Rusticated pipes. If it's that bad, throw it in the trash. (I realize that's just my impression rather than a fact, but then, this is about our impressions, right?) Partially rusticated is even worse. On the other hand, I love blasts.

Chunky pipes. I love bent bulldogs, but I'll pass on the Peterson version. I look old enough as it is.

I'm not fond of metal bands on pipes. When I see a metal band, my mind says Dr. Grabow, and I won't pay more than thirty bucks. On the other hand, silver military mounts look absolutely fantastic.

As far as shapes go, I'm afraid to say. I thought the prince was the dorkiest shape in existence until I got one in an eBay auction; now I love 'em. I don't care for pipes that have the bowl leaning forward in an exaggerated manner; I don't see how you're supposed to smoke them. I'm not talking about cuttys, although I don't care for that shape either, but the ones that are even more exaggerated. Free hands are either hit or miss with me; most don't appeal, but having discovered pipes in the seventies, I can't completely write them off. I guess with pipe shapes, the older I get the more conservative I get though; I don't actually own any freehands. The only shape I can think of that I don't get at all is the blowfish. I see that it blows, and I don't smoke fish.

I have absolutely no interest in the metal pipes with the screw on bowls, odd colored pipes or other gimmicky pipes.


----------



## Hermit (Aug 5, 2008)

MarkC said:


> The only shape I can think of that I don't get at all is the blowfish. I see that it blows, and I don't smoke fish.

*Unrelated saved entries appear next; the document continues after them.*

(* Consider one step $i$ of a memory-augmented recurrent neural network with vanilla (linear-activation) transition, in which the previous hidden state $\bm h_{i-1}$ and the current input $\bm x_i$ are held fixed. The hidden state is $\bm h_i = W \bm h_{i-1} + U \bm x_i + W_{(c)} \bm c + \bm b \in \mathbb{R}^D$, where $\bm c \in \mathbb{R}^d$ is the memory content retrieved from a key-value memory bank with $N$ slots: $\widetilde\alpha_j = \exp\{\bm h_{i-1}^\top \bm m_j^{(\mathrm{key})}\}$, $\alpha_j = \widetilde\alpha_j / \sum_{j'=1}^N \widetilde\alpha_{j'}$, and $\bm c = \sum_{j=1}^N \alpha_j \bm m_j^{(\mathrm{val})}$, with $\bm m_j^{(\mathrm{val})}\in\mathbb{R}^d$. Compare two ways of increasing model capacity: (i) Memory expansion: $M$ new slots $j=N+1,\dots,N+M$ (with keys and values $\bm m_j^{(\mathrm{val})}\in\mathbb{R}^d$) are added, the attention becomes $\alpha'_j = \widetilde\alpha_j / \sum_{j'=1}^{N+M}\widetilde\alpha_{j'}$ for $1\le j\le N+M$, the content becomes $\bm c' = \sum_{j=1}^{N+M}\alpha'_j \bm m_j^{(\mathrm{val})}$, and all other quantities are unchanged, giving $\bm h_i^{(m)} = W \bm h_{i-1} + U \bm x_i + W_{(c)} \bm c' + \bm b$. (ii) Hidden-state expansion: $d$ new hidden units are added, with values $\widetilde{\bm h}_{i-1}\in\mathbb{R}^d$ at step $i-1$, connected to the original $D$ dimensions by new weights $\widetilde W\in\mathbb{R}^{D\times d}$; the original $D$ dimensions of the new hidden state at step $i$ are $\bm h_i^{(s)} = \bm h_i + \widetilde W \widetilde{\bm h}_{i-1}$. Suppose that, for the given data point, the unnormalized attention weights satisfy $\sum_{j=N+1}^{N+M}\widetilde\alpha_j \le \sum_{j=1}^{N}\widetilde\alpha_j$. Then $$\mathbb{E}\left[\|\bm h_i^{(m)}-\bm h_i\|^2\right] \le \mathbb{E}\left[\|\bm h_i^{(s)}-\bm h_i\|^2\right],$$ where the expectation is computed by assuming the weights and hidden states (the entries of $\widetilde W$, $\widetilde{\bm h}_{i-1}$, $W_{(c)}$, and all memory value vectors $\bm m_j^{(\mathrm{val})}$, $1\le j\le N+M$) are i.i.d. from a zero-mean Gaussian distribution with variance $\sigma^2$ (independent of the attention weights).
   Context: This is a simplified model of a recurrent neural network augmented with a key-value memory bank retrieved by softmax attention, used to compare the perturbation of the original $D$ hidden dimensions caused by adding memory slots versus adding hidden units. The attention weights $\widetilde\alpha_j$ for a given data point are treated as fixed (they depend on the keys and on $\bm h_{i-1}$, which is fixed), while the randomness is over the weights, the newly added hidden units, and the memory value entries, all i.i.d. zero-mean Gaussian with variance $\sigma^2$. *)

theory Defs
  imports "HOL-Probability.Probability"
begin

text \<open>Vectors in R^n are functions nat => real read on indices < n; matrices are
  nat => nat => real read on indices (row < rows, col < cols). Indices are 0-based:
  original memory slots are j < N, new slots are N <= j < N + M.\<close>

definition matvec :: "nat \<Rightarrow> (nat \<Rightarrow> nat \<Rightarrow> real) \<Rightarrow> (nat \<Rightarrow> real) \<Rightarrow> nat \<Rightarrow> real" where
  "matvec ncols A v = (\<lambda>i. \<Sum>k<ncols. A i k * v k)"

definition sqnorm :: "nat \<Rightarrow> (nat \<Rightarrow> real) \<Rightarrow> real" where
  "sqnorm n v = (\<Sum>i<n. (v i)\<^sup>2)"

definition attn_tilde :: "nat \<Rightarrow> (nat \<Rightarrow> real) \<Rightarrow> (nat \<Rightarrow> nat \<Rightarrow> real) \<Rightarrow> nat \<Rightarrow> real" where
  "attn_tilde D hprev key j = exp (\<Sum>k<D. hprev k * key j k)"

You're a disgrace to Puff. :rotfl:


----------



## MarkC (Jul 4, 2009)

Oops..I didn't think about that!


----------



## Commander Quan (May 6, 2003)

I'm glad to see that I am not alone in on my stance on bamboo. However I am going to make one exception the "spearfish pipe" I'm not sure how much this sold for, and know that most would consider it to be form over function, but if money were no object I would have bought this and smoked out of it ever day


----------



## Rascal (Jan 29, 2010)

I have never seen a clay one I wanted to buy.
It should not have bark on it. I am smoking a pipe not a log.
Don't care for rusticated.
Weird shapes that are hard to fill and clean (deep and narrow bowls).
Don't care for straight pipes.
No "out there" carvings like you find on many meers.
I also don't care for nosewarmers.
No block shapes.
No petite pipes.
No crazy bends. I want my chimney to point to the sky.
The stem stops at the bowl. 

In general a pipe should look like a pipe. While I usually prefer a light touch on stain I have a few darker ones that I also love. I almost always go for a smooth finish too.


----------



## juni (Oct 16, 2009)

I just can't make up my mind about these:










I like the creativity, but would I use them...I don't know.

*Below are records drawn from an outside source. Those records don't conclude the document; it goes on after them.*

theorem mainTheorem17:
  fixes \<rho> :: "complex^(3 \<times> 3)^(3 \<times> 3)"
  assumes "separable \<rho>"
  shows "(\<Sum>i\<in>(UNIV::3 set). \<Sum>j\<in>(UNIV::3 set).
            cmod (trace (\<rho> ** kron (pauliX i) (pauliX j)))
          + cmod (trace (\<rho> ** kron (pauliY i) (pauliY j)))
          + cmod (trace (\<rho> ** kron (pauliZ i) (pauliZ j)))) \<le> 4"
proof -
  obtain N p and A B :: "nat \<Rightarrow> complex^3^3"
    where states: "\<And>k. k < N \<Longrightarrow> 0 \<le> p k \<and> is_state (A k) \<and> is_state (B k)"
      and p_sum: "(\<Sum>k<N. p k) = 1"
      and \<rho>: "\<rho> = (\<Sum>k<N. of_real (p k) *s kron (A k) (B k))"
    using assms unfolding separable_def by blast
  define C where "C \<sigma> = corr_abs_sum pauliX pauliX \<sigma> + corr_abs_sum pauliY pauliY \<sigma>
      + corr_abs_sum pauliZ pauliZ \<sigma>" for \<sigma> :: "complex^(3 \<times> 3)^(3 \<times> 3)"
  have "C \<rho> \<le> (\<Sum>k<N. p k * C (kron (A k) (B k)))"
    unfolding C_def \<rho> distrib_left sum.distrib
    by (intro add_mono corr_abs_sum_convex) (simp_all add: states)
  also have "\<dots> \<le> (\<Sum>k<N. p k * 4)"
    unfolding C_def using states by (intro sum_mono mult_left_mono product_state_corr_bound) auto
  also have "\<dots> = 4"
    by (simp add: p_sum sum_distrib_right[symmetric])
  finally show ?thesis
    by (simp add: C_def corr_abs_sum_def sum.distrib)
qed

end
theorem mainTheorem10:
  fixes M :: "'a measure" and X :: "nat \<Rightarrow> 'a \<Rightarrow> real"
    and Mn :: "nat \<Rightarrow> 'b measure" and Y :: "nat \<Rightarrow> nat \<Rightarrow> 'b \<Rightarrow> real"
    and S :: "nat \<Rightarrow> 'a \<Rightarrow> real"
    and gamma :: "nat \<Rightarrow> real" and k p :: "nat \<Rightarrow> nat"
  assumes M: "prob_space M"
    and X_indep: "prob_space.indep_vars M (\<lambda>_. borel) X UNIV"
    and X_ident: "\<And>i. distr M borel (X i) = distr M borel (X 0)"
    and X_sq_int: "integrable M (\<lambda>\<omega>. (X 0 \<omega>)\<^sup>2)"
    and X_mean: "prob_space.expectation M (X 0) = 0"
    and X_var: "prob_space.variance M (X 0) = 1"
    and S_def: "\<And>n \<omega>. S n \<omega> = (\<Sum>i<n. X i \<omega>)"
    and Mn: "\<And>n. prob_space (Mn n)"
    and Y_indep: "\<And>n. prob_space.indep_vars (Mn n) (\<lambda>_. borel) (Y n) UNIV"
    and Y_distr: "\<And>n i. distr (Mn n) borel (Y n i) = distr M borel (S n)"
    and gamma_lim: "filterlim gamma at_top sequentially"
    and moderate: "\<forall>\<epsilon>>0. \<forall>\<^sub>F n in sequentially. \<forall>x. 0 \<le> x \<and> x < gamma n \<longrightarrow>
          \<bar>prob_space.prob M {\<omega> \<in> space M. S n \<omega> / sqrt (real n) > x} / Phi_bar x - 1\<bar> \<le> \<epsilon>"
    and k_lim: "filterlim k at_top sequentially"
    and p_lim: "filterlim p at_top sequentially"
    and pk_lim: "filterlim (\<lambda>n. real (p n) / real (k n)) at_top sequentially"
    and pk_bound: "\<And>n. real (p n) / real (k n) < exp ((gamma n)\<^sup>2 / 2)"
  shows "\<forall>x::real.
      ((\<lambda>n. prob_space.expectation (Mn n) (N_tail n (k n) (p n) (Y n) x)) \<longlongrightarrow> exp (- x)) sequentially
    \<and> ((\<lambda>n. prob_space.variance (Mn n) (N_tail n (k n) (p n) (Y n) x)) \<longlongrightarrow> 0) sequentially
    \<and> (\<forall>\<epsilon>>0. ((\<lambda>n. prob_space.prob (Mn n)
           {\<omega> \<in> space (Mn n). \<bar>N_tail n (k n) (p n) (Y n) x \<omega> - exp (- x)\<bar> > \<epsilon>}) \<longlongrightarrow> 0) sequentially)"
proof (intro allI)
  fix x :: real
  interpret M: prob_space M
    by (rule M)
  let ?N = "\<lambda>n. N_tail n (k n) (p n) (Y n) x"
  define q where "q n = M.prob {\<omega> \<in> space M.
      S n \<omega> / sqrt (real n) > d_const (p n div k n) + x / d_const (p n div k n)}" for n
  have S_meas: "S n \<in> borel_measurable M" for n
    using X_indep by (auto simp: S_def[abs_def] M.indep_vars_def intro!: borel_measurable_sum)
  have "\<forall>\<^sub>F n in sequentially. d_const (p n div k n) > 0"
    using eventually_compose_filterlim[OF eventually_d_const_real_pos filterlim_real_nat_div[OF pk_lim]]
    by (simp add: d_const_eq)
  then have moments: "\<forall>\<^sub>F n in sequentially.
      prob_space.expectation (Mn n) (?N n) = real (p n) / real (k n) * q n
    \<and> prob_space.variance (Mn n) (?N n) = real (p n) / real (k n) * q n * ((1 - q n) / real (k n))
    \<and> ?N n \<in> borel_measurable (Mn n) \<and> integrable (Mn n) (\<lambda>\<omega>. (?N n \<omega>)\<^sup>2)"
  proof eventually_elim
    case (elim n)
    from N_tail_moments[OF Mn Y_indep Y_distr S_meas elim, where x = x] show ?case
      by (simp add: q_def power2_eq_square)
  qed
  have mean_lim: "((\<lambda>n. real (p n) / real (k n) * q n) \<longlongrightarrow> exp (- x)) sequentially"
    unfolding q_def using moderate gamma_lim pk_lim pk_bound by (rule tendsto_expected_exceedances)
  have "((\<lambda>n. (1 - q n) / real (k n)) \<longlongrightarrow> 0) sequentially"
  proof (rule tendsto_sandwich[OF _ _ tendsto_const])
    show "((\<lambda>n. 1 / real (k n)) \<longlongrightarrow> 0) sequentially"
      using tendsto_inverse_0_at_top[OF filterlim_compose[OF filterlim_real_sequentially k_lim]]
      by (simp add: inverse_eq_divide)
  qed (auto simp: q_def divide_right_mono)
  from tendsto_mult[OF mean_lim this]
  have var_lim: "((\<lambda>n. real (p n) / real (k n) * q n * ((1 - q n) / real (k n))) \<longlongrightarrow> 0) sequentially"
    by simp
  have E: "((\<lambda>n. prob_space.expectation (Mn n) (?N n)) \<longlongrightarrow> exp (- x)) sequentially"
    by (rule Lim_transform_eventually[OF mean_lim]) (use moments in \<open>auto elim: eventually_mono\<close>)
  have V: "((\<lambda>n. prob_space.variance (Mn n) (?N n)) \<longlongrightarrow> 0) sequentially"
    by (rule Lim_transform_eventually[OF var_lim]) (use moments in \<open>auto elim: eventually_mono\<close>)
  have "\<forall>\<^sub>F n in sequentially. ?N n \<in> borel_measurable (Mn n) \<and> integrable (Mn n) (\<lambda>\<omega>. (?N n \<omega>)\<^sup>2)"
    using moments by (auto elim: eventually_mono)
  from tendsto_prob_deviation_0[where M = Mn, OF Mn this E V]
  show "((\<lambda>n. prob_space.expectation (Mn n) (?N n)) \<longlongrightarrow> exp (- x)) sequentially
    \<and> ((\<lambda>n. prob_space.variance (Mn n) (?N n)) \<longlongrightarrow> 0) sequentially
    \<and> (\<forall>\<epsilon>>0. ((\<lambda>n. prob_space.prob (Mn n)
          {\<omega> \<in> space (Mn n). \<bar>?N n \<omega> - exp (- x)\<bar> > \<epsilon>}) \<longlongrightarrow> 0) sequentially)"
    using E V by blast
qed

(I agree about bamboo, don't like it)


----------



## ghe-cl (Apr 9, 2005)

I've rarely seen a freehand that could compare to most classic pipe shapes in displaying the beauty of the wood, the aesthetics of the design or simple visual appeal.


----------



## travclem (Apr 22, 2008)

pardon my ignorance but what is the difference in Rusticated and blast?


----------



## Arctic Fire (Jan 17, 2010)

Ok im probably the only one who doesnt like the bulldog shape... and especially the bulldogs with the diamond shanks...


----------



## Mister Moo (Sep 8, 2005)

Arctic Fire said:


> Ok im probably the only one who doesnt like the bulldog shape... and especially the bulldogs with the diamond shanks...


By definition a bulldog has a diamond shank. ( Hold one in your hand for two minutes and you may change your mind. They are ergonomic perfection.)


----------



## Brinson (Oct 28, 2007)

I don't like "typical" bent brown polished pipes. I like something different. Prefer straight pipes, usually in a darker color if smooth, sandblasted/rusticated look good no matter what, though.

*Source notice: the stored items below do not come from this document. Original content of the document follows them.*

(* Let $\Upsilon$ be a finite alphabet with a partition $\{\Upsilon_0,\Upsilon_1\}$, where $|\Upsilon_0|=n_0$ and $|\Upsilon_1|=n_1$ are positive integers. Let $(\eta,\omega)=((\eta_\ell)_{\ell\ge1},(\omega_\ell)_{\ell\ge1})$ be a pair of nonnegative integer sequences, each with finite support. Then there exists an exhaustive prefix-free list over $\Upsilon$ whose (parity-preserving) length distribution is $(\eta,\omega)$ if and only if the following two conditions hold: (a) $\mathsf{K}^+=0$; (b) $\mathsf{K}^+_\ell\ge|\mathsf{K}^-_\ell|$ for every $\ell\ge1$.
   Context: A word over $\Upsilon$ is even (resp. odd) if it contains an even (resp. odd) number of symbols from $\Upsilon_1$; $(\Upsilon^\ell)_0$ and $(\Upsilon^\ell)_1$ denote the even and odd words of length $\ell$. A finite list $\mathcal{L}$ of nonempty words over $\Upsilon$ is prefix-free if no word in it is a prefix of another word in it, and exhaustive if every word over $\Upsilon$ either has a prefix in $\mathcal{L}$ or is a prefix of some word in $\mathcal{L}$. The (parity-preserving) length distribution of $\mathcal{L}$ is the pair $(\eta,\omega)$ with $\eta_\ell=|\mathcal{L}\cap(\Upsilon^\ell)_0|$ and $\omega_\ell=|\mathcal{L}\cap(\Upsilon^\ell)_1|$ for $\ell\ge1$. For integers $n$ and $\ell>0$ and an integer sequence $\mu=(\mu_i)_{i\ge1}$ with finite support, $\mathsf{K}_\ell(\mu,n)=n^\ell-\sum_{i=1}^{\ell}\mu_i n^{\ell-i}$. Define $\mathsf{K}^+_\ell=\mathsf{K}_\ell(\eta+\omega,n_0+n_1)$ and $\mathsf{K}^-_\ell=\mathsf{K}_\ell(\eta-\omega,n_0-n_1)$ (with $0^0=1$). Let $\mathsf{r}$ be the largest index in the union of the supports of $\eta$ and $\omega$, and set $\mathsf{K}^\pm=\mathsf{K}^\pm_{\mathsf{r}}$. *)

theory Defs
  imports Main "HOL-Library.Sublist"
begin

definition even_word :: "'a set \<Rightarrow> 'a list \<Rightarrow> bool" where
  "even_word U1 w \<longleftrightarrow> even (length (filter (\<lambda>x. x \<in> U1) w))"

definition odd_word :: "'a set \<Rightarrow> 'a list \<Rightarrow> bool" where
  "odd_word U1 w \<longleftrightarrow> odd (length (filter (\<lambda>x. x \<in> U1) w))"

definition prefix_free_list :: "'a list list \<Rightarrow> bool" where
  "prefix_free_list L \<longleftrightarrow> (\<forall>w\<in>set L. w \<noteq> []) \<and>
     (\<forall>i<length L. \<forall>j<length L. i \<noteq> j \<longrightarrow> \<not> prefix (L ! i) (L ! j))"

definition exhaustive_list :: "'a set \<Rightarrow> 'a list list \<Rightarrow> bool" where
  "exhaustive_list Ups L \<longleftrightarrow> (\<forall>w. set w \<subseteq> Ups \<longrightarrow>
     (\<exists>v\<in>set L. prefix v w) \<or> (\<exists>v\<in>set L. prefix w v))"

definition has_length_distribution ::
  "'a set \<Rightarrow> 'a list list \<Rightarrow> (nat \<Rightarrow> nat) \<Rightarrow> (nat \<Rightarrow> nat) \<Rightarrow> bool" where
  "has_length_distribution U1 L \<eta> \<omega> \<longleftrightarrow> (\<forall>l\<ge>1.
     \<eta> l = length (filter (\<lambda>w. length w = l \<and> even_word U1 w) L) \<and>
     \<omega> l = length (filter (\<lambda>w. length w = l \<and> odd_word U1 w) L))"

definition Kfun :: "(nat \<Rightarrow> int) \<Rightarrow> int \<Rightarrow> nat \<Rightarrow> int" where
  "Kfun \<mu> n l = n ^ l - (\<Sum>i=1..l. \<mu> i * n ^ (l - i))"

definition Kplus :: "(nat \<Rightarrow> nat) \<Rightarrow> (nat \<Rightarrow> nat) \<Rightarrow> nat \<Rightarrow> nat \<Rightarrow> nat \<Rightarrow> int" where
  "Kplus \<eta> \<omega> n0 n1 l = Kfun (\<lambda>i. int (\<eta> i) + int (\<omega> i)) (int n0 + int n1) l"

definition Kminus :: "(nat \<Rightarrow> nat) \<Rightarrow> (nat \<Rightarrow> nat) \<Rightarrow> nat \<Rightarrow> nat \<Rightarrow> nat \<Rightarrow> int" where
  "Kminus \<eta> \<omega> n0 n1 l = Kfun (\<lambda>i. int (\<eta> i) - int (\<omega> i)) (int n0 - int n1) l"

definition support :: "(nat \<Rightarrow> nat) \<Rightarrow> nat set" where
  "support \<mu> = {l. 1 \<le> l \<and> \<mu> l \<noteq> 0}"

definition rmax :: "(nat \<Rightarrow> nat) \<Rightarrow> (nat \<Rightarrow> nat) \<Rightarrow> nat" where
  "rmax \<eta> \<omega> = Max (support \<eta> \<union> support \<omega> \<union> {0})"

end

(*
  Call a word of length k uncovered by a prefix code S if no codeword is a prefix of it.
  Sorting the words of length k by their codeword prefix, for any multiplicative letter weight g
    sum of g over the uncovered words = (sum_a g a)^k - sum over v in S with |v| <= k of g v (sum_a g a)^(k-|v|).
  For g = 1 this says that K+_k counts the uncovered words of length k; for g = -1 on U1 and 1 on U0
  it says that K-_k is the number of even minus the number of odd uncovered words. So K+_k >= |K-_k|
  for every prefix code, and exhaustiveness means K+_r = 0.
  Conversely, codewords can be chosen greedily by length: when the lengths up to k are placed,
  there are eta_(k+1) + (K+_(k+1) + K-_(k+1))/2 even and omega_(k+1) + (K+_(k+1) - K-_(k+1))/2 odd
  uncovered words of length k+1 available.
*)
theory Submission
  imports Defs
begin

definition words_of_length :: "'a set \<Rightarrow> nat \<Rightarrow> 'a list set" where
  "words_of_length A k = {w. set w \<subseteq> A \<and> length w = k}"

definition prefix_free :: "'a list set \<Rightarrow> bool" where
  "prefix_free S \<longleftrightarrow> (\<forall>v\<in>S. \<forall>w\<in>S. prefix v w \<longrightarrow> v = w)"

definition prefix_code :: "'a set \<Rightarrow> 'a list set \<Rightarrow> bool" where
  "prefix_code A S \<longleftrightarrow> finite S \<and> (\<forall>v\<in>S. v \<noteq> [] \<and> set v \<subseteq> A) \<and> prefix_free S"

definition uncovered :: "'a set \<Rightarrow> 'a list set \<Rightarrow> nat \<Rightarrow> 'a list set" where
  "uncovered A S k = {w \<in> words_of_length A k. \<not> (\<exists>v\<in>S. prefix v w)}"

definition word_weight :: "('a \<Rightarrow> 'b::comm_monoid_mult) \<Rightarrow> 'a list \<Rightarrow> 'b" where
  "word_weight g w = prod_list (map g w)"

definition count_of_length :: "('a list \<Rightarrow> bool) \<Rightarrow> 'a list set \<Rightarrow> nat \<Rightarrow> nat" where
  "count_of_length P S l = card {w \<in> S. length w = l \<and> P w}"

lemma prefix_eq_if_length_ge: "prefix v w \<Longrightarrow> length w \<le> length v \<Longrightarrow> v = w"
  by (auto simp: prefix_def)

lemma finite_words_of_length: "finite A \<Longrightarrow> finite (words_of_length A k)"
  unfolding words_of_length_def by (rule finite_lists_length_eq)

lemma finite_uncovered: "finite A \<Longrightarrow> finite (uncovered A S k)"
  unfolding uncovered_def by (simp add: finite_words_of_length)

lemma words_of_length_Suc:
  "words_of_length A (Suc k) = (\<lambda>(a, w). a # w) ` (A \<times> words_of_length A k)"
  unfolding words_of_length_def by (auto simp: length_Suc_conv)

Though, the cavallier posted earlier...that's badass in my opinion...


----------



## Arctic Fire (Jan 17, 2010)

Mister Moo said:


> By definition a bulldog has a diamond shank. ( Hold one in your hand for two minutes and you may change your mind. They are ergonomic perfection.)


Im more of a clincher so having a perfectly ergonomic pipe isnt high priority.


----------



## drastic_quench (Sep 12, 2008)

travclem said:


> pardon my ignorance but what is the difference in Rusticated and blast?


Rusticated means that the carver used a tool, usually a chisel or a homemade gouger maybe a Dremel, to remove briar from the surface of the bowl. There are lots of distinctive rusticated styles and patterns possible.

Sandblasting blasts away some of the softer briar from the surface. The texture that remains highlights the natural grain of the briar.

Rustication completely covers any hit of the briar's grain. Some dislike it for that reason. Sandblasting does put the natural grain on display; it just does that a bit differently than a smooth finish. Sandblasts are sometimes a great deal in the pipe world, as they still display the grain, but aren't as time consuming to make as a smooth finish, and therefor less expensive (always exceptions, though)

Rustication:
Peterson Kinsale Rusticated (XL12) P-Lip Pipes at Smoking Pipes .com

Sandblast:
Johs Sandblasted Freehand Pipes at Smoking Pipes .com


----------



## dmkerr (Oct 27, 2008)

I love all pipe shapes and freehands. The only designs I don't care for are the ones with bowls that are too small to hold a decent amount of tobacco. Group 4's and below are out for me, no matter the shape or the ergonomic perfection. Gimme a big ugly monstrosity that I can smoke for 2 hours instead.


----------



## Davetopay (Jan 19, 2008)

I think I have gotten to a point where I must judge each and every pipe in person, and on its own merits. I used to lust after many Peterson pipes based upon photos, but once I got a few of them in my hand and was given a chance to really sit down and think what it would be like to smoke them, I found them to be rather "uptight". You might even say they were "stuffy" in presentation. I have a Pete and it is a great smoker, but it is a bit heavy and the longer I have it, the more "off" some of the angles look.

I used to HATE any sort of partial blast or rustication, then I came across my Nording in a shop....
















....now this is one of my favorites, it jsut fits the hand so well and is so well proportioned.

About the only shape I can't make a judgment on is the volcano...still haven't had one in hand....yet.


----------